緑が広がる三宅島は約20年に一度、噴火が発生する火山島。かつては人口規模300人ほどの御蔵島と比べて10倍以上で推移しており、物資や交通などの生活を支えるなど密接な関係でした。
穏やかな日常が一変したのが2000年。火山活動が1983年以来の活発化。大規模な噴火に加えて、最大震度6弱の地震を6回観測。生命に関わる極めて危険な状況となり、9月には3日以内の全島民避難が決まりました。「残りたい」「仕事がない」「見知りぬ土地で孤立しないか」という否定的な声がある一方で、家族や仕事の責任感から島に残っていた人も多く、拘束力の強い行政命令が出たことで気持ちに一区切りついた人も多かったそうです。それでも警察や消防、役場や電力会社の職員およそ600人は島に残りました。危険なため、夜間は港に停泊する船で過ごしたそうです。全島避難指示は2005年2月1日午後3時まで4年5ヶ月に及びました。
そうこうしている間に御蔵島が近づいてきました。半円状の可愛らしい見た目の島です。しかし、間近で見ると断崖絶壁。「どうやって接岸するんだ」と恐怖を覚えることでしょう。上陸困難といわれる理由にも納得するはずです。

御蔵島は黒潮の海上に位置する人口わずか300人ほどの小さな島です。
御蔵島といえばイルカ。イルカの見える丘という観光スポットもあります。運が良ければ陸からでもイルカの群れが見られます。

御蔵島の島民は徒歩10分程度の里の範囲にまとまって生活をしており、島民は、ほとんど顔見知り。商店は2軒と農漁協の購買が1軒あるのみで、支払いは基本的に現金のみです。

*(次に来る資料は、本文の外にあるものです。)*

(* Let $X \in \Lambda^2_{14} = \mathfrak{g}_2$. Then there exist a $\mathrm{G}_2$-adapted frame $\mathcal{B} = \{f_1,\dots,f_7\}$ and real numbers $\lambda\geq\nu\geq\mu\geq 0$ with $\lambda = \nu + \mu$ such that the matrix $[X]_{\mathcal{B}}$, whose $(i,j)$ entry is $X(f_i,f_j)$, is block diagonal with blocks $$ (0), \quad \begin{pmatrix} 0 & -\mu \\ \mu & 0\end{pmatrix}, \quad \begin{pmatrix} 0 & -\nu \\ \nu & 0\end{pmatrix}, \quad \begin{pmatrix} 0 & -\lambda \\ \lambda & 0\end{pmatrix} $$ (in this order, occupying indices $\{1\},\{2,3\},\{4,5\},\{6,7\}$), with all other entries zero. Moreover, exactly three cases occur: (i) if $\lambda=\mu$, then $\lambda=\mu=\nu=0$ and $X=0$; (ii) if $\lambda>0$ and $\mu=0$, then $\lambda=\nu$, $\operatorname{rank}X = 4$, and $\ker X$ is the associative $3$-plane spanned by $\{f_1,f_2,f_3\}$; (iii) if $\lambda>\mu>0$, then $\operatorname{rank}X=6$ and $\ker X$ is spanned by $f_1$.
   Context: Equip $\mathbb{R}^7$ with its standard inner product, orientation and basis. Let $\varphi = e_{123} - e_{167} - e_{527} - e_{563} - e_{415} - e_{426} - e_{437}$ ($e_{ijk} = e_i\wedge e_j\wedge e_k$) and define $\times$ by $\langle u\times v,w\rangle = \varphi(u,v,w)$. A skew bilinear form $X$ is identified with the operator $X$ given by $X(a,b)=\langle X(a),b\rangle$. $\Lambda^2_{14}=\mathfrak{g}_2$ is the set of skew bilinear forms $X$ with $X(v\times w) = X(v)\times w + v\times X(w)$ for all $v,w$. A $\mathrm{G}_2$-adapted frame is an oriented orthonormal basis $\{f_1,\dots,f_7\}$ with $f_3 = f_1\times f_2$, $f_5 = f_1\times f_4$, $f_6 = f_2\times f_4$, $f_7 = f_3\times f_4$. A $3$-dimensional subspace is associative if closed under $\times$. *)

theory Defs
  imports "HOL-Analysis.Analysis"
begin

text \<open>Coordinates of R^7 are indexed by the numeral type 7; the paper's index i in {1..7}
  corresponds to ix i = of_nat (i - 1) (a bijection {1..7} -> UNIV::7).\<close>

definition ix :: "nat \<Rightarrow> 7" where
  "ix i = of_nat (i - 1)"

definition e :: "nat \<Rightarrow> real^7" where
  "e i = axis (ix i) 1"

text \<open>e_{ijk}(u,v,w) = det of the 3x3 matrix of the i,j,k components of u,v,w\<close>
definition e3 :: "nat \<Rightarrow> nat \<Rightarrow> nat \<Rightarrow> real^7 \<Rightarrow> real^7 \<Rightarrow> real^7 \<Rightarrow> real" where
  "e3 i j k u v w =
     u$ix i * (v$ix j * w$ix k - v$ix k * w$ix j)
   - u$ix j * (v$ix i * w$ix k - v$ix k * w$ix i)
   + u$ix k * (v$ix i * w$ix j - v$ix j * w$ix i)"

definition phi :: "real^7 \<Rightarrow> real^7 \<Rightarrow> real^7 \<Rightarrow> real" where
  "phi u v w = e3 1 2 3 u v w - e3 1 6 7 u v w - e3 5 2 7 u v w - e3 5 6 3 u v w
             - e3 4 1 5 u v w - e3 4 2 6 u v w - e3 4 3 7 u v w"

text \<open>cross product: the unique vector with <u x v, w> = phi(u,v,w)\<close>
definition cross7 :: "real^7 \<Rightarrow> real^7 \<Rightarrow> real^7" where
  "cross7 u v = (\<chi> k. phi u v (axis k 1))"

text \<open>A skew bilinear form X(a,b) = <X a, b> is represented by the matrix X (operator a \<mapsto> X *v a).\<close>
definition skew :: "real^7^7 \<Rightarrow> bool" where
  "skew X \<longleftrightarrow> transpose X = - X"

definition g2 :: "(real^7^7) set" where
  "g2 = {X. skew X \<and>
         (\<forall>v w. X *v cross7 v w = cross7 (X *v v) w + cross7 v (X *v w))}"

text \<open>Oriented: the matrix with rows f_1..f_7
  (in coordinates e_1..e_7) has positive determinant (rows and columns are re-indexed by the same
  bijection ix, which does not change the determinant).\<close>
definition g2_adapted :: "(7 \<Rightarrow> real^7) \<Rightarrow> bool" where
  "g2_adapted f \<longleftrightarrow>
     (\<forall>a b. f a \<bullet> f b = (if a = b then 1 else 0)) \<and>
     det (\<chi> a. f a) > 0 \<and>
     f (ix 3) = cross7 (f (ix 1)) (f (ix 2)) \<and>
     f (ix 5) = cross7 (f (ix 1)) (f (ix 4)) \<and>
     f (ix 6) = cross7 (f (ix 2)) (f (ix 4)) \<and>
     f (ix 7) = cross7 (f (ix 3)) (f (ix 4))"

definition associative :: "(real^7) set \<Rightarrow> bool" where
  "associative V \<longleftrightarrow> subspace V \<and> dim V = 3 \<and> (\<forall>u\<in>V. \<forall>v\<in>V. cross7 u v \<in> V)"

definition normal_form :: "real \<Rightarrow> real \<Rightarrow> real \<Rightarrow> nat \<Rightarrow> nat \<Rightarrow> real" where
  "normal_form mu nu lam i j =
     (if (i, j) = (2, 3) then - mu else if (i, j) = (3, 2) then mu
      else if (i, j) = (4, 5) then - nu else if (i, j) = (5, 4) then nu
      else if (i, j) = (6, 7) then - lam else if (i, j) = (7, 6) then lam
      else 0)"

end

theory Submission
  imports Defs
begin

text \<open>A skew map of odd size has a unit vector \<open>a\<close> in its kernel. As \<open>X\<close> is a derivation
  of the cross product killing \<open>a\<close>, the twist \<open>v \<mapsto> a \<times> X v\<close> is symmetric and commutes
  with \<open>a \<times> -\<close>. A maximal eigenvector \<open>c\<close> of the twist on \<open>a\<^sup>\<bottom>\<close> and a maximal one \<open>b\<close>
  orthogonal to \<open>a, c, a \<times> c\<close> form a special triple \<open>(a, b, c)\<close>, and on the frame it
  generates \<open>X\<close> rotates the three planes at rates \<open>mu \<le> nu\<close> and, by the derivation
  property, \<open>mu + nu\<close>. Should \<open>mu\<close> be negative, the triple \<open>(- a, b, b \<times> c)\<close> has rates
  \<open>- mu\<close> and \<open>mu + nu\<close>, where \<open>- mu \<le> mu + nu\<close> because \<open>b \<times> c\<close> competes with \<open>b\<close>
  in the maximality of \<open>mu\<close>.

  Such frames are positively oriented: their determinant is \<open>\<plusminus>1\<close> and depends
  continuously on the triple, which can be moved to the standard one.
  Kernel and rank are then read off from the normal form.\<close>

section \<open>Coordinates and the cross product\<close>

lemma UNIV_7: "(UNIV::7 set) = {0, 1, 2, 3, 4, 5, 6}"
proof -
  have "card ({0, 1, 2, 3, 4, 5, 6}::7 set) = 7" by simp
  then have "{0, 1, 2, 3, 4, 5, 6} = (UNIV::7 set)" by (intro card_subset_eq) auto
  then show ?thesis by simp
qed

lemma all_7: "(\<forall>i::7. P i) \<longleftrightarrow> P 0 \<and> P 1 \<and> P 2 \<and> P 3 \<and> P 4 \<and> P 5 \<and> P 6"
  by (metis UNIV_7 UNIV_I insertE singletonD)

lemma sum_7: "sum (g::7 \<Rightarrow> 'a::comm_monoid_add) UNIV = g 0 + (g 1 + (g 2 + (g 3 + (g 4 + (g 5 + g 6)))))"
  unfolding UNIV_7 by simp

lemma prod_7: "prod (g::7 \<Rightarrow> 'a::comm_monoid_mult) UNIV = g 0 * (g 1 * (g 2 * (g 3 * (g 4 * (g 5 * g 6)))))"
  unfolding UNIV_7 by simp

lemma inner_vec_7:
  "(x::real^7) \<bullet> y = x$0*y$0 + (x$1*y$1 + (x$2*y$2 + (x$3*y$3 + (x$4*y$4 + (x$5*y$5 + x$6*y$6)))))"
  unfolding inner_vec_def sum_7 by simp

lemma vec_eq_7:
  "(x::real^7) = y \<longleftrightarrow> x$0 = y$0 \<and> x$1 = y$1 \<and> x$2 = y$2 \<and> x$3 = y$3 \<and> x$4 = y$4 \<and> x$5 = y$5 \<and> x$6 = y$6"
  by (simp add: vec_eq_iff all_7)

lemma ix_values: "ix 1 = 0" "ix (Suc 0) = 0" "ix 2 = 1" "ix 3 = 2" "ix 4 = 3" "ix 5 = 4" "ix 6 = 5" "ix 7 = 6"
  by (simp_all add: ix_def)

lemma ball_1_7: "(\<forall>i\<in>{1..7::nat}. P i) \<longleftrightarrow> P 1 \<and> P 2 \<and> P 3 \<and> P 4 \<and> P 5 \<and> P 6 \<and> P 7"
proof -
  have "{1..7::nat} = {1, 2, 3, 4, 5, 6, 7}" by auto
  then show ?thesis by simp
qed

lemma cross7_components:
  "cross7 u v $ 0 = u$1 * v$2 - u$2 * v$1 + u$3 * v$4 - u$4 * v$3 - u$5 * v$6 + u$6 * v$5"
  "cross7 u v $ 1 = - u$0 * v$2 + u$2 * v$0 + u$3 * v$5 + u$4 * v$6 - u$5 * v$3 - u$6 * v$4"
  "cross7 u v $ 2 = u$0 * v$1 - u$1 * v$0 + u$3 * v$6 - u$4 * v$5 + u$5 * v$4 - u$6 * v$3"
  "cross7 u v $ 3 = - u$0 * v$4 - u$1 * v$5 - u$2 * v$6 + u$4 * v$0 + u$5 * v$1 + u$6 * v$2"
  "cross7 u v $ 4 = u$0 * v$3 - u$1 * v$6 + u$2 * v$5 - u$3 * v$0 - u$5 * v$2 + u$6 * v$1"
  "cross7 u v $ 5 = u$0 * v$6 + u$1 * v$3 - u$2 * v$4 - u$3 * v$1 + u$4 * v$2 - u$6 * v$0"
  "cross7 u v $ 6 = - u$0 * v$5 + u$1 * v$4 + u$2 * v$3 - u$3 * v$2 - u$4 * v$1 + u$5 * v$0"
  by (simp_all add: cross7_def phi_def e3_def ix_def axis_def)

気候は温暖ですが、黒潮の影響で海上を風が吹くため、それほど嫌な暑さはありません。雨が多く、風が強いため傘よりもカッパがあると便利です。
特産品は明日葉。こちらは明日葉の冷製スープ。

意外なのが「島民は魚を食べない」ということ。御蔵島ではもちろん魚が獲れますし、村内放送で「魚が獲れました」とアナウンスもありますが、切り身ではないため不便だそう。冷凍するにしても鮮度が落ちてしまうため、食べ慣れた地元の住民は買わないそう。結局、ほぼすべての魚が釣ったままの状態で築地などの市場へ輸送されます。その方が作業も楽で、お金にもなるそうです。外食(ランチ・弁当・惣菜)の拡充、料理講習会(島食材を使用)の実施、地産地消できる野菜・魚の販売などを通じて島内外とのイメージの乖離をなくしていくことが大切だと役場の職員はおっしゃっていました。
ふくまる商店さんのシャーベットもオススメです。
小さな島のため宿の収容数にも限りがあり、日帰りは基本的に禁止となっています。
港には警察が立ち会っているので、不審な動きをしていると「宿は取っていますか」など質問される可能性もあります。

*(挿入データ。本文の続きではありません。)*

lemma is_reduction_finite_integral:
  assumes "finite F" and "is_ideal I" and "F \<subseteq> integral_closure I"
  shows "is_reduction I (ideal_gen (I \<union> F))"
  using assms
proof (induction F rule: finite_induct)
  case empty
  then show ?case
    unfolding is_reduction_def
    by (intro exI[of _ 0]) (simp add: ideal_gen_ideal ideal_pow_Suc_prod ideal_prod_UNIV)
next
  case (insert f F)
  define K where "K = ideal_gen (I \<union> F)"
  have "I \<subseteq> K"
    using ideal_gen_superset K_def by blast
  have "ideal_gen (I \<union> insert f F) = ideal_gen (insert f K)"
  proof
    show "ideal_gen (I \<union> insert f F) \<subseteq> ideal_gen (insert f K)"
      using ideal_gen_superset[of "I \<union> F"] by (intro ideal_gen_mono) (auto simp: K_def)
    have "K \<subseteq> ideal_gen (I \<union> insert f F)"
      unfolding K_def by (rule ideal_gen_mono) blast
    then show "ideal_gen (insert f K) \<subseteq> ideal_gen (I \<union> insert f F)"
      using ideal_gen_superset[of "I \<union> insert f F"]
      by (intro ideal_gen_minimal is_ideal_ideal_gen) auto
  qed
  moreover have "is_reduction I K"
    using insert by (simp add: K_def)
  moreover have "is_reduction K (ideal_gen (insert f K))"
    using insert.prems integral_closure_mono[OF \<open>I \<subseteq> K\<close>]
    by (intro is_reduction_insert_integral) (auto simp: K_def is_ideal_ideal_gen)
  ultimately show ?case
    by (simp add: is_reduction_trans[of I K])
qed

lemma is_reduction_of_integral:
  fixes I J :: "'a::comm_ring_1 set"
  assumes "noetherian TYPE('a)" and "is_ideal I" and "is_ideal J"
    and "I \<subseteq> J" and "J \<subseteq> integral_closure I"
  shows "is_reduction I J"
proof -
  obtain F where "finite F" and J: "J = ideal_gen F"
    using assms(1,3) unfolding noetherian_def by blast
  have "F \<subseteq> J"
    using J ideal_gen_superset by blast
  have "ideal_gen (I \<union> F) = J"
  proof
    show "ideal_gen (I \<union> F) \<subseteq> J"
      using assms(3,4) \<open>F \<subseteq> J\<close> by (intro ideal_gen_minimal) auto
    show "J \<subseteq> ideal_gen (I \<union> F)"
      unfolding J by (rule ideal_gen_mono) blast
  qed
  then show ?thesis
    using is_reduction_finite_integral[OF \<open>finite F\<close> assms(2)] \<open>F \<subseteq> J\<close> assms(5) by auto
qed

lemma nonzerodivisor_mult_cancel:
  assumes "nonzerodivisor t"
  shows "t * a = t * b \<longleftrightarrow> a = b"
proof
  assume "t * a = t * b"
  then have "t * (a - b) = 0"
    by (simp add: right_diff_distrib)
  then have "a - b = 0"
    using assms unfolding nonzerodivisor_def by blast
  then show "a = b"
    by simp
qed simp

lemma nonzerodivisor_factor:
  assumes "nonzerodivisor (a * b)"
  shows "nonzerodivisor a"
  unfolding nonzerodivisor_def
proof (intro allI impI)
  fix r assume "a * r = 0"
  then have "a * b * r = 0"
    by (simp only: mult.commute[of a b] mult.assoc mult_zero_right)
  then show "r = 0"
    using assms unfolding nonzerodivisor_def by blast
qed

lemma nonzerodivisor_mult:
  assumes "nonzerodivisor a" and "nonzerodivisor b"
  shows "nonzerodivisor (a * b)"
  unfolding nonzerodivisor_def
proof (intro allI impI)
  fix r assume "a * b * r = 0"
  then have "a * (b * r) = 0"
    by (simp only: mult.assoc)
  then have "b * r = 0"
    using assms(1) unfolding nonzerodivisor_def by blast
  then show "r = 0"
    using assms(2) unfolding nonzerodivisor_def by blast
qed

lemma nonzerodivisor_power:
  assumes "nonzerodivisor s"
  shows "nonzerodivisor (s ^ n)"
proof (induction n)
  case 0
  show ?case
    by (simp add: nonzerodivisor_def)
next
  case (Suc n)
  then show ?case
    using assms by (simp add: nonzerodivisor_mult)
qed

lemma principal_reduction_nonzerodivisor:
  assumes "regular_ideal I" and "principal_reduction x I"
  shows "nonzerodivisor x"
proof -
  obtain s where "s \<in> I" and s: "nonzerodivisor s"
    using assms(1) unfolding regular_ideal_def by blast
  obtain m where m: "(*) x ` ideal_pow I m = ideal_pow I (Suc m)"
    using assms(2) unfolding principal_reduction_def by blast
  have "s ^ Suc m \<in> (*) x ` ideal_pow I m"
    unfolding m by (rule power_mem_ideal_pow[OF \<open>s \<in> I\<close>])
  then obtain c where c: "s ^ Suc m = x * c"
    by blast
  have "nonzerodivisor (x * c)"
    using nonzerodivisor_power[OF s, of "Suc m"] by (simp only: c)
  then show ?thesis
    by (rule nonzerodivisor_factor)
qed

lemma stable_ideal_reduction_colon:
  assumes "stable_ideal J" and "nonzerodivisor x" and "is_reduction (ideal_gen {x}) J"
    and "j \<in> J"
  shows "(j, x) \<in> frac_colon J J"
proof -
  obtain n where "ideal_prod (ideal_gen {x}) (ideal_pow J n) = ideal_pow J (Suc n)"
    using assms(3) unfolding is_reduction_def by blast
  from reduction_exponent_add[OF this, of 1]
  have red: "(*) x ` ideal_pow J (Suc n) = ideal_pow J (Suc (Suc n))"
    by (simp add: ideal_prod_principal is_ideal_ideal_pow)
  have "\<exists>c\<in>ideal_pow J (Suc n). j * b = x * c" if "b \<in> ideal_pow J (Suc n)" for b
  proof -
    have "j * b \<in> ideal_pow J (Suc (Suc n))"
      unfolding ideal_pow_Suc_prod[of J "Suc n"] using assms(4) that by (rule ideal_prod_mem)
    then have "j * b \<in> (*) x ` ideal_pow J (Suc n)"
      by (simp only: red)
    then show ?thesis
      by blast
  qed
  then have "(j, x) \<in> frac_colon (ideal_pow J (Suc n)) (ideal_pow J (Suc n))"
    using assms(2) by (simp add: frac_colon_def)
  then have "(j, x) \<in> blowup_ring J"
    unfolding blowup_ring_def by blast
  then show ?thesis
    using assms(1) by (simp add: stable_ideal_def)
qed

lemma frac_colon_mono: "A \<subseteq> A' \<Longrightarrow> B' \<subseteq> B \<Longrightarrow> frac_colon A B \<subseteq> frac_colon A' B'"
  unfolding frac_colon_def by blast

lemma trace_of_hom_mem:
  assumes "module_hom s (*) f"
  shows "f v \<in> trace_of s"
  unfolding trace_of_def mem_Collect_eq
  by (intro exI[of _ 1] exI[of _ "\<lambda>_. f"] exI[of _ "\<lambda>_. v"]) (simp add: assms)

lemma module_hom_divide:
  assumes t: "nonzerodivisor t" and f: "module_hom s (*) f"
    and divisible: "\<And>w. \<exists>c. a * f w = t * c"
  shows "\<exists>g. module_hom s (*) g \<and> (\<forall>w. a * f w = t * g w)"
proof -
  define g where "g w = (THE c. a * f w = t * c)" for w
  have g: "a * f w = t * g w" for w
  proof -
    obtain c where c: "a * f w = t * c"
      using divisible by blast
    have "g w = c"
      unfolding g_def
    proof (rule the_equality)
      show "a * f w = t * c"
        by (rule c)
      show "c' = c" if "a * f w = t * c'" for c'
        using c that by (simp add: nonzerodivisor_mult_cancel[OF t])
    qed
    with c show ?thesis
      by simp
  qed
  have g_eq: "g w = c" if "a * f w = t * c" for w c
    using g[of w] that by (simp add: nonzerodivisor_mult_cancel[OF t])
  have "module_hom s (*) g"
    unfolding module_hom_iff
  proof (intro conjI allI)
    show "module s"
      using f by (simp add: module_hom_iff)
    show "module ((*) :: 'a \<Rightarrow> 'a \<Rightarrow> 'a)"
      by (rule module_mult)
    show "g (v + w) = g v + g w" for v w
      using f by (intro g_eq) (simp add: module_hom_iff distrib_left g)
    show "g (s c w) = c * g w" for c w
    proof (rule g_eq)
      have "a * f (s c w) = c * (a * f w)"
        using f by (simp add: module_hom_iff mult.left_commute)
      also have "\<dots> = t * (c * g w)"
        by (simp add: g mult.left_commute)
      finally show "a * f (s c w) = t * (c * g w)" .
    qed
  qed
  then show ?thesis
    using g by blast
qed

lemma frac_colon_trace:
  fixes s :: "'a::comm_ring_1 \<Rightarrow> 'b::ab_group_add \<Rightarrow> 'b"
  shows "frac_colon UNIV (trace_of s) = frac_colon (trace_of s) (trace_of s)"
proof
  show "frac_colon (trace_of s) (trace_of s) \<subseteq> frac_colon UNIV (trace_of s)"
    by (rule frac_colon_mono) auto
  show "frac_colon UNIV (trace_of s) \<subseteq> frac_colon (trace_of s) (trace_of s)"
  proof (rule subrelI)
    fix a t assume "(a, t) \<in> frac_colon UNIV (trace_of s)"
    then have t: "nonzerodivisor t"
      and divisible: "\<And>y. y \<in> trace_of s \<Longrightarrow> \<exists>c. a * y = t * c"
      by (auto simp: frac_colon_def)
    have "\<exists>c\<in>trace_of s. a * y = t * c" if y_mem: "y \<in> trace_of s" for y
    proof -
      obtain k and f :: "nat \<Rightarrow> 'b \<Rightarrow> 'a" and v where y: "y = (\<Sum>i<k. f i (v i))"
        and f: "\<forall>i<k. module_hom s (*) (f i)"
        using y_mem unfolding trace_of_def by blast
      have "\<forall>i\<in>{..<k}. \<exists>g. module_hom s (*) g \<and> (\<forall>w. a * f i w = t * g w)"
      proof
        fix i assume "i \<in> {..<k}"
        then have fi: "module_hom s (*) (f i)"
          using f by blast
        show "\<exists>g. module_hom s (*) g \<and> (\<forall>w. a * f i w = t * g w)"
          by (rule module_hom_divide[OF t fi divisible[OF trace_of_hom_mem[OF fi]]])
      qed
      then obtain g
        where g: "\<forall>i\<in>{..<k}. module_hom s (*) (g i) \<and> (\<forall>w. a * f i w = t * g i w)"
        by (rule bchoice[THEN exE])
      have "(\<Sum>i<k. g i (v i)) \<in> trace_of s"
        unfolding trace_of_def mem_Collect_eq
        by (intro exI[of _ k] exI[of _ g] exI[of _ v]) (simp add: g)
      moreover have "a * y = t * (\<Sum>i<k. g i (v i))"
        unfolding y sum_distrib_left using g by simp
      ultimately show ?thesis
        by blast
    qed
    then show "(a, t) \<in> frac_colon (trace_of s) (trace_of s)"
      using t by (simp add: frac_colon_def)
  qed
qed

この日は観光協会の人に楯突く観光客も見かけました。「2日前に来島を決めて、大した前調べもせずガイドもお願いせずに日帰りする予定できてしまった。車道を散歩するだけで終わってしまいました。愚かすぎる旅、愚かすぎる人間」と思い出ノートに書き捨てていました。
安く泊まりたいならバンガローがオススメ。お値段は4000円。毎年4〜10月まで宿泊できます。炊事場、トイレ、シャワーは共同です。
暮らしは定期船の入港に左右され、悪天候が続けば食料やその他物資などが不足することもあります。
翌朝、7時10分に運行状況は★から◯に。やったー!
無事に12時35分発で東京へ帰ることができました。
しかし、心臓に悪い旅です。三宅島、御蔵島への旅は予定通り進むか最後までドキドキです。